I have started to think about frontend development as at least two different
types and sometimes business people and organizations mixes the two with bad
results. I see some devs coming from html+css with a little js background and
then a need for devs with more experience of data structures, state
management, async code, good architecture etc. Some devs has this but comies
from the backend and might instead lack experience in js and js
frameworks/ecosystems. I think more organizations need to look where they are,
which devs they have and how they can help getting everybody getting better at
advanced frontend programming.

------
tracker1
While I appreciate the commentary, I do disagree on a few points.

Starting towards the end. The comments about JS Framwork cadence doesn't
nearly apply today as much as a few years ago. I mean Backbone was released in
2010 (8 years ago) and was probably the first JS SPA "framework" to gain
significant traction. There have been many since then. Angular and Ember were
also in 2010. React was first released in 2013 (over 5 years ago) and Vue was
2014.

Those have been the heavy hitters imho. All of which are pretty mature at this
point. There are many others, of course, but that's been true of even desktop
platforms. Yeah, Angular 2 was a big shift, but React, Vue and Angular are
really the main players in this space. Most others take some queues from those
three. Given that, it's a poor argument, and the language is more dated than
the frameworks in question at this point.

Personally, I find SPAs are great for Line of business apps that need more
complexity than a typical CRUD app can offer. Also, front end development _IS_
DEVELOPMENT. Many snobby backend developers turn up their noses and feel it
doesn't deserve the same level of consideration as backend development. They
don't follow the same practices, consider use or lean on application designs
already established in a number of toolkits.

Personally, I currently lean on React + material-ui.
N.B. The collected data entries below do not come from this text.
lemma zero_one_probs_exists:
  assumes "set_ideal N" "A \<notin> N"
  obtains \<mu> where "\<mu> \<in> zero_one_probs N" "\<mu> A = 1"
proof -
  obtain M where M: "set_ideal M" "N \<subseteq> M" "A \<notin> M" and prime: "\<And>B. B \<in> M \<or> - B \<in> M"
    using set_ideal_prime_extension[OF assms] by blast
  define \<mu> :: "'a set \<Rightarrow> real" where "\<mu> B = (if B \<in> M then 0 else 1)" for B
  note down = set_ideal_subset[OF M(1)] and up = set_ideal_Un[OF M(1)]
  have "\<mu> (B \<union> C) = \<mu> B + \<mu> C" if "B \<inter> C = {}" for B C
  proof -
    have "B \<in> M \<or> C \<in> M"
      using prime[of B] down[of "- B" C] that by blast
    then show ?thesis
      using up[of B C] down[of "B \<union> C" B] down[of "B \<union> C" C] unfolding \<mu>_def by auto
  qed
  moreover have "UNIV \<notin> M" using down M(3) by blast
  ultimately have "\<mu> \<in> fa_probs" unfolding fa_probs_def ba_def
    by (auto simp: \<mu>_def intro!: exI[of _ 1])
  moreover have "\<forall>B. \<mu> B \<in> {0, 1}" "\<forall>B\<in>N. \<mu> B = 0" "\<mu> A = 1"
    using M(2,3) by (auto simp: \<mu>_def)
  ultimately show ?thesis using that unfolding zero_one_probs_def by blast
qed

section \<open>Weak* compactness\<close>

lemma continuous_map_weak_star:
  assumes P: "P \<subseteq> fa_probs"
  shows "continuous_map (top_of_set P) weak_star id"
  unfolding weak_star_def
proof (rule continuous_on_generated_topo)
  fix W :: "('a set \<Rightarrow> real) set"
  assume "W \<in> {{m \<in> ba. ba_int m f \<in> U} | f U. bounded_fun f \<and> open U}"
  then obtain f U where W: "W = {m \<in> ba. ba_int m f \<in> U}" and f: "bounded_fun f" and "open U"
    by blast
  then have "openin (top_of_set P) (P \<inter> (\<lambda>\<mu>. ba_int \<mu> f) -` U)"
    by (intro continuous_openin_preimage_gen ba_int_continuous_on[OF f P])
  moreover have "id -` W \<inter> topspace (top_of_set P) = P \<inter> (\<lambda>\<mu>. ba_int \<mu> f) -` U"
    using P unfolding W fa_probs_def by auto
  ultimately show "openin (top_of_set P) (id -` W \<inter> topspace (top_of_set P))" by simp
next
  have "bounded_fun (\<lambda>_::'a. 0 :: real)" unfolding bounded_fun_def by blast
  then have "{m \<in> ba. ba_int m (\<lambda>_::'a. 0) \<in> UNIV} \<in> {{m \<in> ba. ba_int m f \<in> U} | f U. bounded_fun f \<and> open U}"
    by blast
  then show "id ` topspace (top_of_set P) \<subseteq> \<Union> {{m \<in> ba. ba_int m f \<in> U} | f U. bounded_fun f \<and> open U}"
    using P unfolding fa_probs_def by auto
qed

lemma compactin_weak_star:
  assumes "P \<subseteq> fa_probs" "compact P"
  shows "compactin weak_star P"
  using image_compactin[of "top_of_set P" P weak_star id] continuous_map_weak_star[OF assms(1)] assms(2)
  by (simp add: compactin_subtopology)

lemma zero_one_probs_eq:
  "zero_one_probs N = {\<mu>. (\<forall>A B. A \<inter> B = {} \<longrightarrow> \<mu> (A \<union> B) = \<mu> A + \<mu> B) \<and>
     (\<forall>B. \<mu> B \<in> {0, 1}) \<and> \<mu> UNIV = 1 \<and> (\<forall>B. B \<in> N \<longrightarrow> \<mu> B = 0)}" (is "_ = ?Q")
proof
  show "zero_one_probs N \<subseteq> ?Q" unfolding zero_one_probs_def fa_probs_def ba_def by auto
  show "?Q \<subseteq> zero_one_probs N"
  proof
    fix \<mu> assume "\<mu> \<in> ?Q"
    then have "\<forall>B. \<mu> B \<in> {0, 1}" by blast
    then have "\<forall>A. \<bar>\<mu> A\<bar> \<le> 1" "\<forall>A. \<mu> A \<ge> 0"
      by (metis abs_zero abs_one insertE order_refl singletonD zero_le_one)+
    with \<open>\<mu> \<in> ?Q\<close> show "\<mu> \<in> zero_one_probs N" unfolding zero_one_probs_def fa_probs_def ba_def by blast
  qed
qed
For the most part it has
me covered, and I can find third party controls that at least match the
styling. Read the Material Design guidelines. It isn't that hard and just try
to follow the rules. Think about other applications you've used and push back
on all features, punting as much as you can for as long as you can.

Avoid complexity at all costs. Break stuff apart into smaller pieces, and
write code that's easy to replace.

Everything said and done, I think I'm just cranky at these types of articles
that just indicate to me a point of view of someone unwilling to learn new
things, or try new tools. I keep an eye on so much, and have for over two
decades in dealing with web-based applications. I'm surprised how much the
attitudes of some haven't changed in two decades.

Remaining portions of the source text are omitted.